In Krisenzeiten haben Abkapselung, Egoismus und die Angst vor dem Fremden Hochkonjunktur bei Regierungen und Bürgern. Dabei gehören Einwanderer jetzt ebenso zur europäischen Landschaft wie ihre alteingesessenen Mitbürger, meint Schriftsteller Tahar Ben Jelloun.

Veröffentlicht am 15 Juni 2010 um 15:32

Victor Hugo hat von Europa geträumt. Zu seiner Zeit war das utopisch: "Ein Tag wird kommen, wo die Kugeln und Bomben durch Stimmzettel ersetzt werden, durch das allgemeine Wahlrecht der Völker, durch die Entscheidungen eines großen souveränen Senates… […] Ein Tag wird kommen, wo […] die Vereinigten Staaten von Amerika und die Vereinigten Staaten von Europa, die einen gegenüber den anderen, sich die Hand über das Meer reichen, ihre Produkte, ihren Handel, ihre Industrie, ihre Kunst und ihre Ideen austauschen. […]"

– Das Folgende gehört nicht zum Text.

text \<open>Induction on \<open>I\<close>. Of \<open>H M(G) = G\<close> only one consequence is used: \<open>H\<close> lies in the
  kernel of no nontrivial homomorphism \<open>G \<rightarrow> F\<^sub>2\<close>, since such a kernel is maximal normal. This
  property and the surjectivity of the projections pass to the image of \<open>H\<close> in the group indexed
  by \<open>J = I - {i}\<close>, which is therefore everything. Then \<open>H\<close> is everything as soon as its fibre
  \<open>N = {a. (a at i, 1 elsewhere) \<in> H}\<close> is all of \<open>ker \<chi>\<close>. Now \<open>N\<close> is a normal subgroup of \<open>H\<^sub>n\<close>
  inside \<open>ker \<chi>\<close>, and some element of \<open>N\<close> has odd permutation part, for otherwise the sign of the
  permutation at \<open>i\<close> would induce a nontrivial homomorphism \<open>G \<rightarrow> F\<^sub>2\<close> vanishing on \<open>H\<close>. Such
  a normal subgroup contains all even sign-change vectors (by commutators) and has all of \<open>S\<^sub>n\<close> as
  permutation parts, so it is \<open>ker \<chi>\<close>.\<close>

text \<open>Plain \<open>inv\<close> would be read as the group inverse of HOL-Algebra.\<close>

abbreviation perm_inv :: "(nat \<Rightarrow> nat) \<Rightarrow> nat \<Rightarrow> nat" where
  "perm_inv f \<equiv> inv_into UNIV f"

lemma even_card_symdiff:
  assumes "finite A" "finite B"
  shows "even (card ((A - B) \<union> (B - A))) \<longleftrightarrow> (even (card A) \<longleftrightarrow> even (card B))"
proof -
  have "A \<union> B = ((A - B) \<union> (B - A)) \<union> (A \<inter> B)" and "((A - B) \<union> (B - A)) \<inter> (A \<inter> B) = {}"
    by blast+
  then have "card (A \<union> B) = card ((A - B) \<union> (B - A)) + card (A \<inter> B)"
    using assms by (metis card_Un_disjoint finite_Int finite_Un finite_Diff)
  with card_Un_Int[OF assms] show ?thesis by presburger
qed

Heute gibt es dieses Europa. In letzter Zeit hat es seine erste große Krise durchlebt. Jedoch ist Europa – egal wie diese Krise ausgehen wird – keine virtuelle Idee oder Utopie mehr, sondern entspricht einer komplexen, unvollständigen und sich verändernden Wirklichkeit. Eine Einheit, die sich im Aufbau befindet und daher umso mehr Willenskraft und Herzenswärme braucht.

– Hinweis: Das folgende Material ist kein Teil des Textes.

(* In all three cases the Darboux frame yields a Frenet-type frame (t, n, b) with t = mu,
  t' = kappa n, b' = -tau n and kappa nowhere zero, and the theorem is Lancret's: if t . d = c
  for a unit vector d, then n . d = 0, so b . d = e is constant, d = c t + e b, and
  differentiating gives c kappa = e tau with e <> 0, i.e. tau / kappa = c / e; conversely, if
  tau = r kappa then r t + b is a nonzero constant vector at constant angle with t.
  For G = 0 take n = v, b = -xi; for T = 0 take n = -xi, b = -v. For K = 0 write
  (G, T) = rho (g, h) with rho = sqrt (G^2 + T^2) and take n = mu' / rho = h v - g xi,
  b = -(h xi + g v); then b' = omega n, where omega = (T' G - T G') / rho^2 is the angular
  velocity of the unit vector (g, h), so tau / kappa = -omega / rho. *)

lemma orthonormal_triple_expansion:
  fixes a b c x :: "'a::euclidean_space"
  assumes "DIM('a) = 3"
    and "norm a = 1" "norm b = 1" "norm c = 1"
    and "a \<bullet> b = 0" "a \<bullet> c = 0" "b \<bullet> c = 0"
  shows "x = (x \<bullet> a) *\<^sub>R a + (x \<bullet> b) *\<^sub>R b + (x \<bullet> c) *\<^sub>R c"
proof (rule ccontr)
  define y where "y = x - ((x \<bullet> a) *\<^sub>R a + (x \<bullet> b) *\<^sub>R b + (x \<bullet> c) *\<^sub>R c)"
  assume "x \<noteq> (x \<bullet> a) *\<^sub>R a + (x \<bullet> b) *\<^sub>R b + (x \<bullet> c) *\<^sub>R c"
  then have "y \<noteq> 0"
    by (simp add: y_def)
  have unit: "a \<bullet> a = 1" "b \<bullet> b = 1" "c \<bullet> c = 1"
    using assms(2-4) by (simp_all add: norm_eq_1)
  have "y \<bullet> a = 0" "y \<bullet> b = 0" "y \<bullet> c = 0"
    using unit assms(5-7) by (simp_all add: y_def algebra_simps inner_commute)
  then have "pairwise orthogonal {a, b, c, y}"
    using assms(5-7) by (auto simp: pairwise_insert orthogonal_def inner_commute)
  moreover have "0 \<notin> {a, b, c, y}"
    using assms(2-4) \<open>y \<noteq> 0\<close> by auto
  ultimately have "card {a, b, c, y} \<le> 3"
    using independent_card_le pairwise_orthogonal_independent assms(1) by metis
  moreover have "a \<noteq> b" "a \<noteq> c" "b \<noteq> c" "y \<noteq> a" "y \<noteq> b" "y \<noteq> c"
    using unit assms(5-7) \<open>y \<bullet> a = 0\<close> \<open>y \<bullet> b = 0\<close> \<open>y \<bullet> c = 0\<close> by auto
  then have "card {a, b, c, y} = 4"
    by simp
  ultimately show False
    by simp
qed

lemma has_vector_derivative_0_imp_constant_on:
  fixes f :: "real \<Rightarrow> 'a::banach"
  assumes "\<And>s. s \<in> S \<Longrightarrow> (f has_vector_derivative 0) (at s)" "connected S" "open S"
  shows "f constant_on S"
proof (rule has_derivative_zero_connected_constant_on[where K = "{}"])
  show "continuous_on S f"
    using assms(1) by (meson continuous_at_imp_continuous_on has_vector_derivative_continuous)
  show "\<forall>s\<in>S - {}. (f has_derivative (\<lambda>h. 0)) (at s within S)"
    using assms(1) by (auto simp: has_vector_derivative_def intro: has_derivative_at_withinI)
qed (use assms in auto)

lemma has_vector_derivative_0_if_constant_on:
  assumes "(f has_vector_derivative f') (at s)" "f constant_on S" "open S" "s \<in> S"
  shows "f' = 0"
proof -
  obtain y where "\<And>x. x \<in> S \<Longrightarrow> f x = y"
    using assms(2) by (auto simp: constant_on_def)
  then have "((\<lambda>_. y) has_vector_derivative f') (at s)"
    using has_vector_derivative_transform_within_open assms(1,3,4) by metis
  then show ?thesis
    using vector_derivative_unique_at has_vector_derivative_const by blast
qed

lemma has_vector_derivative_inner_left:
  assumes "(f has_vector_derivative f') (at s)"
  shows "((\<lambda>s. f s \<bullet> d) has_real_derivative f' \<bullet> d) (at s)"
  using bounded_linear.has_vector_derivative[OF bounded_linear_inner_left assms]
  by (simp add: has_real_derivative_iff_has_vector_derivative)

lemma powr_three_halves: "0 \<le> x \<Longrightarrow> x powr (3/2) = x * sqrt x"
  for x :: real
  using powr_add[of x 1 "1/2"] by (simp add: powr_half_sqrt)

lemma unit_direction_has_derivative:
  fixes G T :: "real \<Rightarrow> real"
  assumes "(G has_real_derivative G') (at s)" "(T has_real_derivative T') (at s)"
    and "(G s, T s) \<noteq> (0, 0)"
  defines "\<rho> \<equiv> \<lambda>s. sqrt (G s ^ 2 + T s ^ 2)"
    and "\<omega> \<equiv> (T' * G s - T s * G') / (G s ^ 2 + T s ^ 2)"
  shows "((\<lambda>s. G s / \<rho> s) has_real_derivative - \<omega> * (T s / \<rho> s)) (at s)"
    and "((\<lambda>s. T s / \<rho> s) has_real_derivative \<omega> * (G s / \<rho> s)) (at s)"
proof -
  have pos: "G s ^ 2 + T s ^ 2 > 0"
    using assms(3) by (simp add: sum_power2_gt_zero_iff)
  have \<rho>_pos: "\<rho> s > 0" and \<rho>_sq: "\<rho> s ^ 2 = G s ^ 2 + T s ^ 2"
    using pos by (simp_all add: \<rho>_def)
  have d\<rho>: "(\<rho> has_real_derivative (G s * G' + T s * T') / \<rho> s) (at s)"
    using pos unfolding \<rho>_def
    by (auto intro!: derivative_eq_intros assms(1,2) simp: divide_simps)
  show "((\<lambda>s. G s / \<rho> s) has_real_derivative - \<omega> * (T s / \<rho> s)) (at s)"
  proof (rule DERIV_cong[OF DERIV_divide[OF assms(1) d\<rho>]])
    show "\<rho> s \<noteq> 0"
      using \<rho>_pos by simp
    show "(G' * \<rho> s - G s * ((G s * G' + T s * T') / \<rho> s)) / (\<rho> s * \<rho> s) = - \<omega> * (T s / \<rho> s)"
      unfolding \<omega>_def \<rho>_sq[symmetric] using \<rho>_pos \<rho>_sq
      by (simp add: divide_simps power2_eq_square) (simp add: algebra_simps)
  qed
  show "((\<lambda>s. T s / \<rho> s) has_real_derivative \<omega> * (G s / \<rho> s)) (at s)"
  proof (rule DERIV_cong[OF DERIV_divide[OF assms(2) d\<rho>]])
    show "\<rho> s \<noteq> 0"
      using \<rho>_pos by simp
    show "(T' * \<rho> s - T s * ((G s * G' + T s * T') / \<rho> s)) / (\<rho> s * \<rho> s) = \<omega> * (G s / \<rho> s)"
      unfolding \<omega>_def \<rho>_sq[symmetric] using \<rho>_pos \<rho>_sq
      by (simp add: field_simps power2_eq_square)
  qed
qed

lemma mu_helixI:
  assumes "d \<noteq> 0" "\<And>s. s \<in> I \<Longrightarrow> mu s \<bullet> d = c"
  shows "mu_helix I mu"
  unfolding mu_helix_def
proof (intro exI conjI ballI)
  show "norm (d /\<^sub>R norm d) = 1"
    using assms(1) by simp
  show "mu s \<bullet> (d /\<^sub>R norm d) = c / norm d" if "s \<in> I" for s
    using assms(2)[OF that] by (simp add: divide_inverse_commute)
qed

(* The derivative of n is not assumed: the argument never needs it. *)
locale frenet_frame =
  fixes I :: "real set" and t n b :: "real \<Rightarrow> real^3" and \<kappa> \<tau> :: "real \<Rightarrow> real"
  assumes interval: "is_interval I" and open_domain: "open I" and nonempty: "I \<noteq> {}"
    and unit: "\<And>s. s \<in> I \<Longrightarrow> norm (t s) = 1" "\<And>s. s \<in> I \<Longrightarrow> norm (n s) = 1"
      "\<And>s. s \<in> I \<Longrightarrow> norm (b s) = 1"
    and orthogonal: "\<And>s. s \<in> I \<Longrightarrow> t s \<bullet> n s = 0" "\<And>s. s \<in> I \<Longrightarrow> t s \<bullet> b s = 0"
      "\<And>s. s \<in> I \<Longrightarrow> n s \<bullet> b s = 0"
    and tangent_derivative: "\<And>s. s \<in> I \<Longrightarrow> (t has_vector_derivative \<kappa> s *\<^sub>R n s) (at s)"
    and binormal_derivative: "\<And>s. s \<in> I \<Longrightarrow> (b has_vector_derivative - \<tau> s *\<^sub>R n s) (at s)"
    and curvature_nonzero: "\<And>s. s \<in> I \<Longrightarrow> \<kappa> s \<noteq> 0"
begin

lemma connected_domain: "connected I"
  using interval is_interval_connected by blast

lemma derivative_0_if_constant_on:
  "(f has_vector_derivative f') (at s) \<Longrightarrow> f constant_on I \<Longrightarrow> s \<in> I \<Longrightarrow> f' = 0"
  using has_vector_derivative_0_if_constant_on open_domain by blast

lemma helix_imp_const_ratio:
  assumes "mu_helix I t"
  shows "const_on I (\<lambda>s. \<tau> s / \<kappa> s)"
proof -
  obtain d c where d: "norm d = 1" and c: "\<And>s. s \<in> I \<Longrightarrow> t s \<bullet> d = c"
    using assms unfolding mu_helix_def by blast
  have normal_perp: "n s \<bullet> d = 0" if "s \<in> I" for s
  proof -
    have "(\<lambda>s. t s \<bullet> d) constant_on I"
      using c by (auto simp: constant_on_def)
    then have "\<kappa> s * (n s \<bullet> d) = 0"
      using derivative_0_if_constant_on that has_vector_derivative_inner_left[OF tangent_derivative]
      by (fastforce simp: has_real_derivative_iff_has_vector_derivative)
    then show ?thesis
      using curvature_nonzero that by simp
  qed
  have "(\<lambda>s. b s \<bullet> d) constant_on I"
  proof (rule has_field_derivative_0_imp_constant_on[OF _ connected_domain open_domain])
    show "((\<lambda>s. b s \<bullet> d) has_real_derivative 0) (at s)" if "s \<in> I" for s
      using has_vector_derivative_inner_left[OF binormal_derivative[OF that], of d] normal_perp[OF that]
      by simp
  qed
  then obtain e where e: "\<And>s. s \<in> I \<Longrightarrow> b s \<bullet> d = e"
    by (auto simp: constant_on_def)
  have d_eq: "d = c *\<^sub>R t s + e *\<^sub>R b s" if "s \<in> I" for s
    using orthonormal_triple_expansion[OF _ unit[OF that] orthogonal[OF that], of d]
      c[OF that] e[OF that] normal_perp[OF that]
    by (simp add: inner_commute)
  have balance: "c * \<kappa> s = e * \<tau> s" if "s \<in> I" for s
  proof -
    have "((\<lambda>s. c *\<^sub>R t s + e *\<^sub>R b s) has_vector_derivative (c * \<kappa> s - e * \<tau> s) *\<^sub>R n s) (at s)"
      using tangent_derivative[OF that] binormal_derivative[OF that]
      by (auto intro!: derivative_eq_intros simp: algebra_simps)
    moreover have "(\<lambda>s. c *\<^sub>R t s + e *\<^sub>R b s) constant_on I"
      using d_eq by (auto simp: constant_on_def intro!: exI[of _ d])
    ultimately have "(c * \<kappa> s - e * \<tau> s) *\<^sub>R n s = 0"
      using derivative_0_if_constant_on that by blast
    then show ?thesis
      using unit(2)[OF that] by auto
  qed
  obtain s0 where s0: "s0 \<in> I"
    using nonempty by blast
  have "e \<noteq> 0"
  proof
    assume "e = 0"
    then have "c = 0"
      using balance[OF s0] curvature_nonzero[OF s0] by simp
    then show False
      using d_eq[OF s0] d \<open>e = 0\<close> by simp
  qed
  then have "\<tau> s / \<kappa> s = c / e" if "s \<in> I" for s
    using balance[OF that] curvature_nonzero[OF that] by (simp add: field_simps)
  then show ?thesis
    unfolding const_on_def by blast
qed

Verwöhnte Kinder, die sich ihres Glücks nicht bewusst sind

Europa ist eine Chance. Als positives Ergebnis des Zweiten Weltkrieges ist sie die Idee einer auf geographischen und historischen Eigenschaften, sowie demokratischen Werten und dem Freiheitsgedanken aufbauenden Gemeinschaft mehrerer Länder. Wer jedoch erinnert sich an die Geburt dieser Union, zu der anfangs sieben und nun siebenundzwanzig Länder gehören? Ich habe den Eindruck, dass verwöhnte Kinder diesen nicht ganz geglückten und noch immer der Implosionsgefahr ausgesetzten Verband bewohnen. Einige junge Europäer sind sich nicht des Glückes bewusst, dass sie haben, weil sie hier geboren sind, in Freiheit. Hier, wo sie ohne Probleme reisen können, wo es nur eine einzige Währung gibt (bis auf Großbritannien und Schweden), wo es keinen Krieg gibt, keine Hungersnot und wo der Staat die Arbeitslosen nicht im Stich lässt.

Ich nehme das Beispiel Frankreich, welches ich am besten kenne: Trotz all dem, was man über dieses Land sagen kann, hat es das beste Gesundheitswesen und das beste Sozialsystem der Welt – auch wenn es hier und da Schwierigkeiten gibt, beispielsweise bezüglich der Renten. In diesem Land kann sich egal welcher Bürger in einem Krankenhaus behandeln lassen, ohne dass man seine Kreditkarte verlangt – und dies selbst wenn er nicht arbeitet und demnach keinen Beitrag zur Sozialversicherung geleistet hat. Das französische Krankenhaus unterscheidet nicht zwischen seinen Patienten. Alle werden gleich behandelt. Das muss gesagt und wiederholt werden, weil es eine der wesentlichen Eigenschaften dieses Landes darstellt.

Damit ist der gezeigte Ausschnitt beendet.